Chapter 1 Building R Packages

This course will introduce you to all you need to know to get writing your own R packages. You’ll learn about the structure of R packages, how to incorporate code, as well as how to document your code so that it’s most easily usable by others (and future you)!

Note: This first lesson should sound very familiar. If it doesn’t, we recommend you return to earlier courses in Cloud-Based Data Science to learn the basics of R before you embark on writing R packages of your own.

1.0.1 R Packages

Earlier in this course set when we first started programming in R, we introduced the basics of R packages. We noted at that point in time that when you open up R, you have certain functionalities available to you. What is available to you when you first open R is known as base R. For example, when you first open R, you are able to calculate the mean (average) of a bunch of numbers. Specifically, by this point you’re well aware that mean(c(3,4,5)) returns 4, the average of the numbers 3, 4, and 5.

However, not everything that’s possible in R is available to you every time you open up R or RStudio. This is done intentionally. There is a lot you can do with R; however, if all of that was made available every time you opened up R, it would take a long time for R to load and open. Rather, R makes some functionality available from base R (the mean() function, for example), while storing other functionality in packages.

You’re likely very familiar with a number of packages at this point. You’ve probably used ggplot2 to generate plots, tidyr and diplyr to work with tabular data, and stringr, forcats, & lubridate to make working with strings, factors, and dates (respectively) simpler. All of these packages contain R code that, when installed and loaded into R, makes their functionality available to the user.

More specifically, a package is a collection of functions, data, and code conveniently provided in a nice, complete format for you. At the time of writing, there are just over 17,600 packages available to download - each with their own specialized functions and code, all developed for a specific but different purpose. What we haven’t talked about previously, however, is that you too can write R packages. In fact, anyone can and should write R packages!

R Documentation: R Packages

Writing your own R package is helpful:

  • whenever you find yourself copying and pasting code and functions over and over again. If you do, stop, and store that functionality in a package. That way, any time you want to re-use that code, you simply load your package in and get to work!
  • whenever you want to share code and/or analyses with others.
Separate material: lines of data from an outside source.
definition box_B4 :: "3 box" where
  "box_B4 =
    ((rows [0.188926977204853, 0.5, 0.160510807286602, 0.150562215508545, 0],
      rows [vector [0.5824762241895969, 0.0019101408098263, 0.2707169747025466],
            vector [-0.0000000000000002, 0, 0],
            vector [-0.1775428246386119, -0.0216779534676028, -0.2020402570605016],
            vector [-0.4049333995509851, 0.0197678126577766, -0.3495959695009722],
            vector [0, 0, 0.2809192518589273]]),
     (rows [0.000000000017, 0.00000000006, 0.000000000014, 0.000000000013, 0],
      rows [vector [0.00000000018, 0.00000000012, 0.00000000012],
            vector [0.00000000053, 0.00000000035, 0.00000000035],
            vector [0.00000000011, 0.000000000076, 0.000000000077],
            vector [0.00000000013, 0.000000000082, 0.000000000085],
            vector [0, 0, 0.000000000018]]))"

definition box_B5 :: "3 box" where
  "box_B5 =
    ((rows [0.1371168378188472, 0.3628831621811528, 0.2579953829559567, 0.2420046170440433, 0],
      rows [vector [0.3068116376961208, 0.001006141376686, 0.1425965814762454],
            vector [-0.3068116376961209, -0.001006141376686, -0.1425965814762453],
            vector [0.1977180909182598, -0.0332596158005119, -0.1002221236964032],
            vector [-0.19771809091826, 0.033259615800512, -0.3513105250282066],
            vector [0, 0, 0.4515326487246098]]),
     (rows [0.000000000023, 0.000000000072, 0.000000000066, 0.000000000062, 0],
      rows [vector [0.00000000027, 0.00000000015, 0.00000000018],
            vector [0.00000000072, 0.00000000043, 0.00000000047],
            vector [0.00000000073, 0.00000000039, 0.00000000047],
            vector [0.00000000073, 0.00000000039, 0.00000000051],
            vector [0, 0, 0.00000000011]]))"

definition certificate_B :: "3 box list" where
  "certificate_B = [box_B0, box_B1, box_B2, box_B3, box_B4, box_B5]"

lemma atLeastAtMost_1_5: "{1..5::nat} = {1, 2, 3, 4, 5}" by auto

lemma run_certified_B: "run_certified LB 5 [1, 3, 4, 1, 2] certificate_B"
  by (simp add: certificate_B_def box_B0_def box_B1_def box_B2_def box_B3_def box_B4_def box_B5_def
      chart_gradient_B_def atLeastAtMost_1_5 forall_3 rows_def LB_def quotient_certified_def Let_def
      del: One_nat_def)

definition tangent_B :: "(nat \<Rightarrow> real) \<times> (nat \<Rightarrow> real^3)" where
  "tangent_B = tangent_run LB 5 [1, 3, 4, 1, 2] (chartB P0B, chart_gradient_B)"

lemma has_derivative_chartB:
  assumes "i \<in> {1..5}"
  shows "((\<lambda>x. chartB x i) has_derivative (\<lambda>h. chart_gradient_B i \<bullet> h)) (at P)"
proof -
  have affine: "(\<lambda>x. chartB x i) = (\<lambda>x. chartB 0 i + chart_gradient_B i \<bullet> x)"
    using assms unfolding atLeastAtMost_1_5
    by (elim insertE emptyE) (simp_all add: fun_eq_iff chartB_def chart_gradient_B_def rows_def inner_vec_def sum_3)
  show ?thesis unfolding affine by (auto intro!: derivative_eq_intros)
qed

lemma enclosed_tangent_B:
  "nonsingular_run LB 5 [1, 3, 4, 1, 2] (chartB P0B) \<and> enclosed 5 tangent_B (last certificate_B)"
proof -
  have p: "\<bar>p_star - 0.637116837818847\<bar> \<le> 0.000000000000001" using p_star_bounds unfolding abs_le_iff by linarith
  have init: "enclosed 5 (chartB P0B, chart_gradient_B) box_B0"
    using p d_star_enclosure unfolding atLeastAtMost_1_5
    by (simp add: box_B0_def chartB_def P0B_def rows_def abs_minus_commute)
  from enclosed_tangent_run[OF init, of LB "[1, 3, 4, 1, 2]" "[box_B1, box_B2, box_B3, box_B4, box_B5]"]
  show ?thesis using run_certified_B by (simp add: tangent_B_def certificate_B_def)
qed

lemma has_derivative_run_B:
  assumes "i \<in> {1..5}"
  shows "((\<lambda>x. ada_run LB 5 [1, 3, 4, 1, 2] (chartB x) i) has_derivative (\<lambda>h. snd tangent_B i \<bullet> h)) (at P0B)"
  using has_derivative_ada_run[of 5 chartB chart_gradient_B P0B LB "[1, 3, 4, 1, 2]"]
    has_derivative_chartB enclosed_tangent_B assms
  by (simp add: tangent_B_def)

lemma has_derivative_F0B: "(F0B has_derivative (\<lambda>h. J0B *v h)) (at P0B)"
  and J0B_rows: "J0B = vector [- snd tangent_B 2, snd tangent_B 4, snd tangent_B 5]"
proof -
  have deriv: "(F0B has_derivative (\<lambda>h. vector [- snd tangent_B 2, snd tangent_B 4, snd tangent_B 5] *v h)) (at P0B)"
  proof (rule has_derivative_rows)
    fix i :: 3
    show "((\<lambda>x. F0B x $ i) has_derivative (\<lambda>h. vector [- snd tangent_B 2, snd tangent_B 4, snd tangent_B 5] $ i \<bullet> h)) (at P0B)"
      using has_derivative_run_B[of 2] has_derivative_run_B[of 4] has_derivative_run_B[of 5] exhaust_3[of i]
      by (auto simp: F0B_def unchartB_def intro!: derivative_eq_intros)
  qed
  show J0B: "J0B = vector [- snd tangent_B 2, snd tangent_B 4, snd tangent_B 5]"
    unfolding J0B_def using deriv by (rule jacobian_eqI)
  from deriv show "(F0B has_derivative (\<lambda>h. J0B *v h)) (at P0B)" by (simp only: J0B)
qed

definition phase_swap_B :: "real^3 \<Rightarrow> real^3" where
  "phase_swap_B x = vector [0, 1/2, 0] + DSB *v x"

lemma phase_swap_B_P1B: "phase_swap_B P1B = P0B"
  by (simp add: phase_swap_B_def P1B_def P0B_def DSB_def vec_eq_iff forall_3 matrix_vector_mult_def sum_3)
theorem theorem13:
  fixes plus1 :: "'a \<Rightarrow> 'a \<Rightarrow> 'a" and e1 :: 'a and neg1 :: "'a \<Rightarrow> 'a"
    and gyr1 :: "'a \<Rightarrow> 'a \<Rightarrow> 'a \<Rightarrow> 'a" and smul1 :: "real \<Rightarrow> 'a \<Rightarrow> 'a"
    and phi1 :: "'a \<Rightarrow> 'v1::real_normed_vector"
    and plus2 :: "'b \<Rightarrow> 'b \<Rightarrow> 'b" and e2 :: 'b and neg2 :: "'b \<Rightarrow> 'b"
    and gyr2 :: "'b \<Rightarrow> 'b \<Rightarrow> 'b \<Rightarrow> 'b" and smul2 :: "real \<Rightarrow> 'b \<Rightarrow> 'b"
    and phi2 :: "'b \<Rightarrow> 'v2::real_normed_vector"
    and T :: "'a \<Rightarrow> 'b"
  assumes "GGV plus1 e1 neg1 gyr1 smul1 phi1"
    and "GGV plus2 e2 neg2 gyr2 smul2 phi2"
    and "surj T"
    and "\<forall>a b. gyrometric plus2 neg2 phi2 (T a) (T b) = gyrometric plus1 neg1 phi1 a b"
  shows "\<forall>a b. gyromidpoint plus2 neg2 gyr2 smul2 (T a) (T b) = T (gyromidpoint plus1 neg1 gyr1 smul1 a b)"
proof -
  obtain addp1 smulp1 \<kappa>1 where G1: "GGV_space plus1 e1 neg1 gyr1 smul1 phi1 addp1 smulp1 \<kappa>1"
    using GGV_imp_GGV_space[OF assms(1)] .
  obtain addp2 smulp2 \<kappa>2 where G2: "GGV_space plus2 e2 neg2 gyr2 smul2 phi2 addp2 smulp2 \<kappa>2"
    using GGV_imp_GGV_space[OF assms(2)] .
  interpret GGV_isometry plus1 e1 neg1 gyr1 smul1 phi1 addp1 smulp1 \<kappa>1
      plus2 e2 neg2 gyr2 smul2 phi2 addp2 smulp2 \<kappa>2 T
    using G1 G2 assms(3,4) by (simp add: GGV_isometry_def GGV_isometry_axioms_def)
  show ?thesis
    by (simp add: A.gyromidpoint_eq_mid B.gyromidpoint_eq_mid T_mid)
qed

end
lemma maximal_pairwise_intersections:
  fixes W :: "nat \<Rightarrow> 'a set"
  assumes cross: "W 1 \<inter> W 2 \<subseteq> W 0" "W 2 \<inter> W 3 \<subseteq> W 0" "W 3 \<inter> W 1 \<subseteq> W 0"
    and p: "p \<in> W 0" "p \<in> W 1" "p \<notin> W 2" "p \<notin> W 3"
    and q: "q \<in> W 0" "q \<in> W 2" "q \<notin> W 1" "q \<notin> W 3"
    and r: "r \<in> W 0" "r \<in> W 3" "r \<notin> W 1" "r \<notin> W 2"
  defines "P \<equiv> {W i \<inter> W j | i j. i < 4 \<and> j < 4 \<and> i \<noteq> j}"
  shows "{A \<in> P. \<not> (\<exists>B\<in>P. A \<subset> B)} = {W 0 \<inter> W 1, W 0 \<inter> W 2, W 0 \<inter> W 3}
     \<and> W 0 \<inter> W 1 \<noteq> W 0 \<inter> W 2 \<and> W 0 \<inter> W 2 \<noteq> W 0 \<inter> W 3 \<and> W 0 \<inter> W 1 \<noteq> W 0 \<inter> W 3
     \<and> W 1 \<inter> W 2 \<subset> W 0 \<and> W 2 \<inter> W 3 \<subset> W 0 \<and> W 3 \<inter> W 1 \<subset> W 0"
proof -
  have P_eq: "P = {W 0 \<inter> W 1, W 0 \<inter> W 2, W 0 \<inter> W 3, W 1 \<inter> W 2, W 2 \<inter> W 3, W 3 \<inter> W 1}"
    unfolding P_def by (rule pairwise_intersections_four)
  have maximal_if_unique: "\<not> (\<exists>B\<in>P. A \<subset> B)" if "x \<in> A" "\<forall>B\<in>P. x \<in> B \<longrightarrow> B = A" for x A
    using that by blast
  have "\<forall>B\<in>P. p \<in> B \<longrightarrow> B = W 0 \<inter> W 1" "\<forall>B\<in>P. q \<in> B \<longrightarrow> B = W 0 \<inter> W 2"
    "\<forall>B\<in>P. r \<in> B \<longrightarrow> B = W 0 \<inter> W 3"
    using p q r by (simp_all add: P_eq)
  then have maximal: "\<not> (\<exists>B\<in>P. W 0 \<inter> W 1 \<subset> B)" "\<not> (\<exists>B\<in>P. W 0 \<inter> W 2 \<subset> B)"
    "\<not> (\<exists>B\<in>P. W 0 \<inter> W 3 \<subset> B)"
    using maximal_if_unique p q r by simp_all
  have below: "W 1 \<inter> W 2 \<subset> W 0 \<inter> W 1" "W 2 \<inter> W 3 \<subset> W 0 \<inter> W 2" "W 3 \<inter> W 1 \<subset> W 0 \<inter> W 3"
    using cross p q r by blast+
  have in_P: "W 0 \<inter> W 1 \<in> P" "W 0 \<inter> W 2 \<in> P" "W 0 \<inter> W 3 \<in> P"
    by (simp_all add: P_eq)
  have "{A \<in> P. \<not> (\<exists>B\<in>P. A \<subset> B)} = {W 0 \<inter> W 1, W 0 \<inter> W 2, W 0 \<inter> W 3}"
  proof (intro equalityI subsetI)
    fix A assume "A \<in> {A \<in> P. \<not> (\<exists>B\<in>P. A \<subset> B)}"
    then have "A \<in> P" "\<not> (\<exists>B\<in>P. A \<subset> B)"
      by simp_all
    moreover from this(2) have "A \<noteq> W 1 \<inter> W 2" "A \<noteq> W 2 \<inter> W 3" "A \<noteq> W 3 \<inter> W 1"
      using below in_P by blast+
    ultimately show "A \<in> {W 0 \<inter> W 1, W 0 \<inter> W 2, W 0 \<inter> W 3}"
      unfolding P_eq by simp
  next
    fix A assume "A \<in> {W 0 \<inter> W 1, W 0 \<inter> W 2, W 0 \<inter> W 3}"
    then show "A \<in> {A \<in> P. \<not> (\<exists>B\<in>P. A \<subset> B)}"
      using in_P maximal by auto
  qed
  then show ?thesis
    using cross p q r by blast
qed

theorem theorem3p8:
  fixes m :: nat
  assumes "CHAR('k::alg_closed_field) = 2"
    and "m \<ge> 5"
  defines "W \<equiv> (Zm m :: nat \<Rightarrow> (jvar \<Rightarrow> 'k) set)"
  defines "P \<equiv> {W i \<inter> W j | i j. i < 4 \<and> j < 4 \<and> i \<noteq> j}"
  shows "{A \<in> P. \<not> (\<exists>B\<in>P. A \<subset> B)} = {W 0 \<inter> W 1, W 0 \<inter> W 2, W 0 \<inter> W 3}
     \<and> W 0 \<inter> W 1 \<noteq> W 0 \<inter> W 2 \<and> W 0 \<inter> W 2 \<noteq> W 0 \<inter> W 3 \<and> W 0 \<inter> W 1 \<noteq> W 0 \<inter> W 3
     \<and> W 1 \<inter> W 2 \<subset> W 0 \<and> W 2 \<inter> W 3 \<subset> W 0 \<and> W 3 \<inter> W 1 \<subset> W 0"
  unfolding P_def W_def
  using assms(1,2) alg_closed_field_infinite[where 'k='k]
  by (intro maximal_pairwise_intersections
        [where p = "witness 0 1" and q = "witness 1 0" and r = "witness 1 1"]
      Zm1_Int_Zm2_subset Zm2_Int_Zm3_subset Zm3_Int_Zm1_subset
      witness_in_Zm0 witness_in_Zm1 witness_in_Zm2 witness_in_Zm3
      witness_notin_Zm1 witness_notin_Zm2 witness_notin_Zm3) auto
Storing data, code, and results in a package is a great way to share your work with others.
  • when you come up with some functionality that others may want to use. You can share your packages on GitHub or CRAN (discussed more below) so that others have access to your package’s functionality!
1.0.1.0.1 Repositories?

For R packages, a repository is central location where many developed packages are located and available for download.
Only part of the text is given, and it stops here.